Asked about his writing choices for the final season, Caro said that there were two reasons why he chose to add the 1979 story. He explained that he is a big fan of shows from the time and wanted to bring the same fun and excitement to The House of Flowers, as well as finding a way to bring back Virginia de la Mora because he knew he wanted to explore the character more. In another interview in 2020, Caro said that he had planned the ending of the series back when he was first writing it three years earlier. The final scene of the series is said to hail back to the magical realism roots of the show.

===Casting===
On March 6, 2020, it was revealed that season 3 would have a "completely new cast", (Note: Spanish: "un elenco completamente nuevo") featuring actors playing younger versions of many of the established characters.

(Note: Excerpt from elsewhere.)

(* Let $\mathcal{D}$ be a clocked basic action theory and $K\in\mathbb{N}$ at least as large as every natural-number constant mentioned in $\mathcal{D}$. Then Algorithm 1 (described in the context) terminates on input $(\mathcal{D},K)$ and returns the time-abstract transition system $\mathcal{T}_{\mathcal{D}}$, in the sense that for every sequence of states $p$ starting in $[S_0]_{\approx_{\mathcal{D}K}}$, $p$ is a path in the returned transition system iff $p$ is a path in $\mathcal{T}_{\mathcal{D}}$.
   Context: Situation calculus setting: sorts action, situation, object and time (the real numbers); $S_0$ initial situation; $\mathit{do}(a,s)$ the successor situation; $\mathcal{S}$ is the set of ground situations. Fluents are relation or function symbols with last argument a situation and other arguments objects; finitely many fluents, a finite set $\mathcal{A}$ of action types (action type $A$ has $|A|$ object arguments), finite set $\mathcal{O}$ of object constants (unique names, domain closure). A formula is uniform in $s$ if it mentions no situation term other than $s$ and does not mention $\mathit{Poss}$. A BAT is $\mathcal{D} = \mathcal{D}_0 \cup \mathcal{D}_{poss} \cup \mathcal{D}_{ssa} \cup \mathcal{D}_{ca} \cup \mathcal{D}_{co} \cup \Sigma$ (initial description uniform in $S_0$ with complete information, precondition axioms $\mathit{Poss}(A(\vec x),s)\equiv\phi_A(\vec x,s)$, successor state axioms, domain closure and unique name axioms for actions and objects, foundational axioms including $\sqsubset$); write $\mathcal{D}_c=\mathcal{D}_{ca}\cup\mathcal{D}_{co}$. $\mathit{Exec}(s)$ abbreviates $\forall a,s'(\mathit{do}(a,s')\sqsubseteq s\supset\mathit{Poss}(a,s'))$. Clock comparison: $f(\vec x,s)\bowtie v$ or $v\bowtie v'$ ($f$ functional fluent, $v,v'\in\mathbb{N}$, $\bowtie\in\{<,\leq,=,\geq,>\}$). Clocked formula: every atomic subformula mentioning a time term is a clock comparison; time-independent: no time term. A BAT is clocked if there is a distinguished action type $\mathit{wait}(t)$ (others have no time argument) and: functional fluents take time values and are $0$ at $S_0$; each functional fluent has successor state axiom $f(\vec o,\mathit{do}(a,s))=y \equiv \exists t\,(a=\mathit{wait}(t)\wedge y=f(\vec o,s)+t) \vee (\neg\exists t\, a=\mathit{wait}(t)) \wedge (\phi_f(\vec o,a,s)\wedge y=0 \vee \neg\phi_f(\vec o,a,s)\wedge y=f(\vec o,s))$ with $\phi_f$ time-independent, uniform in $s$; relational successor state axioms and precondition axioms have clocked right-hand sides uniform in $s$; $\mathit{Poss}(\mathit{wait}(t),s)\equiv\top$. Functional fluents are clocks; $\mathcal{C}$ the ground situation-suppressed clock terms; $\nu_\sigma(\omega)=\tau$ iff $\mathcal{D}\models\omega[\sigma]=\tau$; for $\tau\geq0$, $\nu+\tau$ is the valuation $\omega\mapsto\nu(\omega)+\tau$. For $u,v\geq0$: $u\sim_K v$ iff both $>K$, or both $\leq K$ with equal floors and equal ceilings; $\mathrm{fract}(v)=v-\lfloor v\rfloor$ if $v\leq K$, else $0$. Valuations satisfy $\nu\cong_K\nu'$ iff $\nu(\omega)\sim_K\nu'(\omega)$ for all $\omega$ and $\mathrm{fract}(\nu(\omega))\leq\mathrm{fract}(\nu(\omega'))$ iff $\mathrm{fract}(\nu'(\omega))\leq\mathrm{fract}(\nu'(\omega'))$ for all $\omega,\omega'$. $\sigma_1\approx_{\mathcal{D}K}\sigma_2$ iff they entail the same ground relational fluent atoms and $\nu_{\sigma_1}\cong_K\nu_{\sigma_2}$; $[\sigma]_{\approx_{\mathcal{D}K}}$ is the class of $\sigma$. The time-abstract transition system $\mathcal{T}_{\mathcal{D}}$ has states among $\mathcal{S}/\approx_{\mathcal{D}K}$, initial state $[S_0]_{\approx_{\mathcal{D}K}}$, and transitions $[\sigma]\rightarrow[\sigma']$ whenever $\sigma'=\mathit{do}(\alpha,\sigma)$ for a ground action $\alpha$ and $\mathcal{D}\models\mathit{Exec}(\sigma')$. $\mathcal{R}$ denotes the regression operator, which transforms a formula about a situation $\mathit{do}([\alpha_1;\dots;\alpha_n],S_0)$ into an equivalent formula uniform in $S_0$ by repeatedly replacing $\mathit{Poss}$ atoms and fluent atoms by the right-hand sides of the corresponding axioms (a clock comparison $f(\vec\rho,\mathit{do}(\mathit{wait}(t),\sigma))\bowtie r$ becomes $f(\vec\rho,\sigma)\bowtie r-t$). $\mathrm{TSuccs}(\nu,K)$ is a computable finite set of nonnegative reals such that for every $\tau\in\mathbb{R}_{\geq0}$ there is $\tau'\in\mathrm{TSuccs}(\nu,K)$ with $\nu+\tau\cong_K\nu+\tau'$. Algorithm 1: set $\mathit{Open}:=\{S_0\}$, $V:=\{[S_0]_{\approx_{\mathcal{D}K}}\}$, $E:=\emptyset$. While $\mathit{Open}\neq\emptyset$: remove some $\sigma$ from $\mathit{Open}$; let $\mathit{Acts}:=\{A(\vec\rho)\mid A\in\mathcal{A}\setminus\{\mathit{wait}\},\vec\rho\in\mathcal{O}^{|A|}\}\cup\{\mathit{wait}(\tau)\mid\tau\in\mathrm{TSuccs}(\nu_\sigma,K)\}$; for each $\alpha\in\mathit{Acts}$ with $\mathcal{D}_0\cup\mathcal{D}_c\models\mathcal{R}[\mathit{Poss}(\alpha,\sigma)]$: if $[\mathit{do}(\alpha,\sigma)]_{\approx_{\mathcal{D}K}}\notin V$, add it to $V$ and add $\mathit{do}(\alpha,\sigma)$ to $\mathit{Open}$; in any case add $([\sigma]_{\approx_{\mathcal{D}K}},[\mathit{do}(\alpha,\sigma)]_{\approx_{\mathcal{D}K}})$ to $E$. Finally return $(V,[S_0]_{\approx_{\mathcal{D}K}},E)$. *)

theory Defs
  imports Complex_Main
begin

Christian Chávez was reported as part of the third season's cast in December 2019, in a feature where the actor celebrated that having gay characters was becoming mainstream. Chávez's character was announced in April 2020, before the season premiered, as Patricio "Pato", Virginia's best friend in the 1970s, who is a drag queen at the start of the movement in Mexico. Chávez, an openly gay actor, has refused to portray women before (even not dressing feminine when having previously played a drag queen), as well as being averse to portraying gay characters so as to not be pigeon-holed. However, he said that the character written by Caro "talks about being yourself, freedom, and the cost you have to pay for it [that makes] you realize that many things have not changed [since the 1970s] in Mexico and the world", (Note: Spanish: "es un papel que habla de ser uno mismo, de la libertad y del costo que hay que pagar por ella. Pato pasa por muchas etapas y en los 70 es otra forma de pensar, pero te das cuenta que muchas cosas no han cambiado en México y el mundo".) which he thought was interesting and important, as well as a challenge. He added that he "[does] not regret having chosen [the] character, [because he] needed it as a human being who needed to discover these things, and also because it is a very special message for people." (Note: Spanish: "No me arrepiento de haber escogido este personaje, siento que lo necesitaba como ser humano al que le hacía falta encontrar eso, pero también creo que es un mensaje muy especial hacia la gente.")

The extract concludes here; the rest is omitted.